The title itself is misleading, as several reviewers have pointed out. The book is not a "history" of pro wrestling, but a chronicle of the last five years. The "history" of the previous 30 years is little more than a rushed introduction. Arguably, Scott Keith isn't a "fan" either. He admitted that after Owen Hart's tragic death, it's immensely difficult for him to be entertained by the WWF/E anymore.
I had two major problems with the book. Firstly, much of it is composed of material that can be obtained online for free .... While it may have made sense for Keith to include his "King Lear" and "Lazarus" rants, it was a huge mistake for him to include his match reviews of pay-per-view events, written when they had occurred.

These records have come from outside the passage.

lemma alpha_fin_le_measure_poly_nonpos:
  fixes a :: "nat \<Rightarrow> complex"
  shows "alpha_fin ({k. k \<ge> 1 \<and> a k \<noteq> 0} \<inter> {1..N})
    \<le> measure lebesgue ({0..1} \<inter> {s. Re (\<Sum>k=1..N. a k * cis (2 * pi * s) ^ k) \<le> 0})"
proof -
  define E where "E = {k. k \<ge> 1 \<and> a k \<noteq> 0} \<inter> {1..N}"
  define G where "G = {s. Re (\<Sum>k=1..N. a k * cis (2 * pi * s) ^ k) \<le> 0}"
  have "closed G" unfolding G_def by (intro closed_Collect_le continuous_intros)
  have "(\<Sum>k=1..N. a k * cis (2 * pi * s) ^ k) = (\<Sum>k\<in>E. a k * e2pi (real k * s))" for s
  proof -
    have "(\<Sum>k=1..N. a k * cis (2 * pi * s) ^ k) = (\<Sum>k=1..N. a k * e2pi (real k * s))"
      by (simp only: e2pi_def[symmetric] e2pi_power)
    also have "\<dots> = (\<Sum>k\<in>E. a k * e2pi (real k * s))"
      by (rule sum.mono_neutral_right) (auto simp: E_def)
    finally show ?thesis .
  qed
  then have G_eq: "G = {s. Re (\<Sum>k\<in>E. a k * e2pi (real k * s)) \<le> 0}" by (simp add: G_def)
  show ?thesis
    unfolding E_def[symmetric] G_def[symmetric]
  proof (rule alpha_fin_le)
    show "E \<subseteq> {1..N}" by (auto simp: E_def)
    show "real (circ_alpha n E) / real n \<le> measure lebesgue ({0..1} \<inter> G)" if n: "n \<ge> 1" for n
      using card_grid_hits_le_measure[OF \<open>closed G\<close> n] circ_alpha_le_card_grid_nonpos[OF n]
      unfolding G_eq by simp
  qed
qed

section \<open>Passage to the limit\<close>

lemma fmeasurable_sublevel:
  fixes h :: "'a::euclidean_space \<Rightarrow> real"
  assumes "compact K" and "continuous_on UNIV h"
  shows "{s\<in>K. h s \<le> \<epsilon>} \<in> fmeasurable lebesgue"
proof -
  have "closed {s. h s \<le> \<epsilon>}" by (intro closed_Collect_le assms(2) continuous_on_const)
  with assms(1) have "compact (K \<inter> {s. h s \<le> \<epsilon>})" by (rule compact_Int_closed)
  then show ?thesis by (simp add: Collect_conj_eq lmeasurable_compact)
qed

lemma tendsto_measure_sublevel:
  fixes h :: "'a::euclidean_space \<Rightarrow> real"
  assumes K: "compact K" and h: "continuous_on UNIV h"
  shows "(\<lambda>m. measure lebesgue {s\<in>K. h s \<le> 1 / Suc m}) \<longlonglongrightarrow> measure lebesgue {s\<in>K. h s \<le> 0}"
proof -
  define H where "H \<epsilon> = {s\<in>K. h s \<le> \<epsilon>}" for \<epsilon>
  have H_fmeasurable: "H \<epsilon> \<in> fmeasurable lebesgue" for \<epsilon>
    unfolding H_def by (rule fmeasurable_sublevel[OF K h])
  have "(\<lambda>m. measure lebesgue (H (1 / Suc m))) \<longlonglongrightarrow> measure lebesgue (\<Inter>m. H (1 / Suc m))"
  proof (rule Lim_measure_decseq)
    show "range (\<lambda>m. H (1 / Suc m)) \<subseteq> sets lebesgue" using H_fmeasurable by auto
    show "decseq (\<lambda>m. H (1 / Suc m))"
    proof (rule decseq_SucI)
      fix m
      have "1 / real (Suc (Suc m)) \<le> 1 / real (Suc m)" by (simp add: frac_le)
      then show "H (1 / Suc (Suc m)) \<subseteq> H (1 / Suc m)" by (auto simp: H_def)
    qed
    show "emeasure lebesgue (H (1 / Suc m)) \<noteq> \<infinity>" for m
      using fmeasurableD2[OF H_fmeasurable] by simp
  qed
  moreover have "(\<Inter>m. H (1 / Suc m)) = H 0"
  proof (intro set_eqI iffI)
    fix s assume s: "s \<in> (\<Inter>m. H (1 / Suc m))"
    have "h s \<le> 0"
    proof (rule ccontr)
      assume "\<not> h s \<le> 0"
      then obtain m where "inverse (real (Suc m)) < h s" using reals_Archimedean by (metis not_le)
      moreover have "h s \<le> 1 / Suc m" using s by (auto simp: H_def)
      ultimately show False by (simp add: inverse_eq_divide)
    qed
    with s show "s \<in> H 0" by (auto simp: H_def)
  qed (auto simp: H_def elim: order_trans)
  ultimately show ?thesis by (simp add: H_def)
qed

lemma continuous_on_compose_circle:
  assumes "continuous_on (sphere 0 1) g"
  shows "continuous_on UNIV (\<lambda>s. g (cis (2 * pi * s)))"
proof (rule continuous_on_compose2[OF assms])
  show "continuous_on UNIV (\<lambda>s. cis (2 * pi * s))"
    by (auto intro!: continuous_intros simp: cis_conv_exp)
qed auto

lemma circ_measure_sphere:
  "circ_measure {z \<in> sphere 0 1. P z} = measure lebesgue {t\<in>{0..1}. P (cis (2 * pi * t))}"
  by (simp add: circ_measure_def)

lemma circ_measure_nonpos_le:
  fixes g :: "complex \<Rightarrow> real"
  assumes "continuous_on (sphere 0 1) g"
  shows "circ_measure {z \<in> sphere 0 1. g z \<le> 0}
    \<le> circ_measure {z \<in> sphere 0 1. g z < 0} + circ_measure {z \<in> sphere 0 1. g z = 0}"
proof -
  define h where "h s = g (cis (2 * pi * s))" for s
  have h: "continuous_on UNIV h"
    unfolding h_def by (rule continuous_on_compose_circle[OF assms])
  have "{s\<in>{0..1}. h s < 0} \<in> sets lebesgue"
    using open_Collect_less[OF h continuous_on_const] by (auto simp: Collect_conj_eq)
  moreover have "{s\<in>{0..1}. h s = 0} \<in> sets lebesgue"
    using closed_Collect_eq[OF h continuous_on_const] by (auto simp: Collect_conj_eq)
  ultimately have "measure lebesgue ({s\<in>{0..1}. h s < 0} \<union> {s\<in>{0..1}. h s = 0})
      \<le> measure lebesgue {s\<in>{0..1}. h s < 0} + measure lebesgue {s\<in>{0..1}. h s = 0}"
    by (rule measure_Un_le)
  moreover have "{s\<in>{0..1}. h s < 0} \<union> {s\<in>{0..1}. h s = 0} = {s\<in>{0..1}. h s \<le> 0}" by auto
  ultimately show ?thesis unfolding circ_measure_sphere h_def[symmetric] by simp
qed

lemma alpha_set_le_alpha_fin: "N \<ge> 1 \<Longrightarrow> alpha_set D \<le> alpha_fin (D \<inter> {1..N})"
  unfolding alpha_set_def
  by (rule cINF_lower) (auto intro!: bdd_belowI[of _ 0] alpha_fin_nonneg[of _ n for n])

Since Keith simply pasted the reviews without editing them to fit the context of the book, they often seem out of place, confusing and at times, even contradictory to what he just wrote. They would refer to storylines and characters not mentioned in the book, and often Keith would speculate in a review about what would happen the next night on Raw (without informing the reader of what actually did occur). This was a double-edged sword. Readers who'd never read the reviews before would be confused, fans who did read the reviews when they were originally written would justifiably feel ripped off.
The other major problem is that despite the title advertising this as a "history" book, not one of Keith's assertions is backed up by a citation. This is particularly troubling given the rather gruesome drug (and sex)-related allegations Keith makes about people such as Missy Hyatt, Tammy Sytch, Jimmy Snuka and a whole host others. It is virtually impossible for the reader to distinguish between documented fact and unfounded internet rumor.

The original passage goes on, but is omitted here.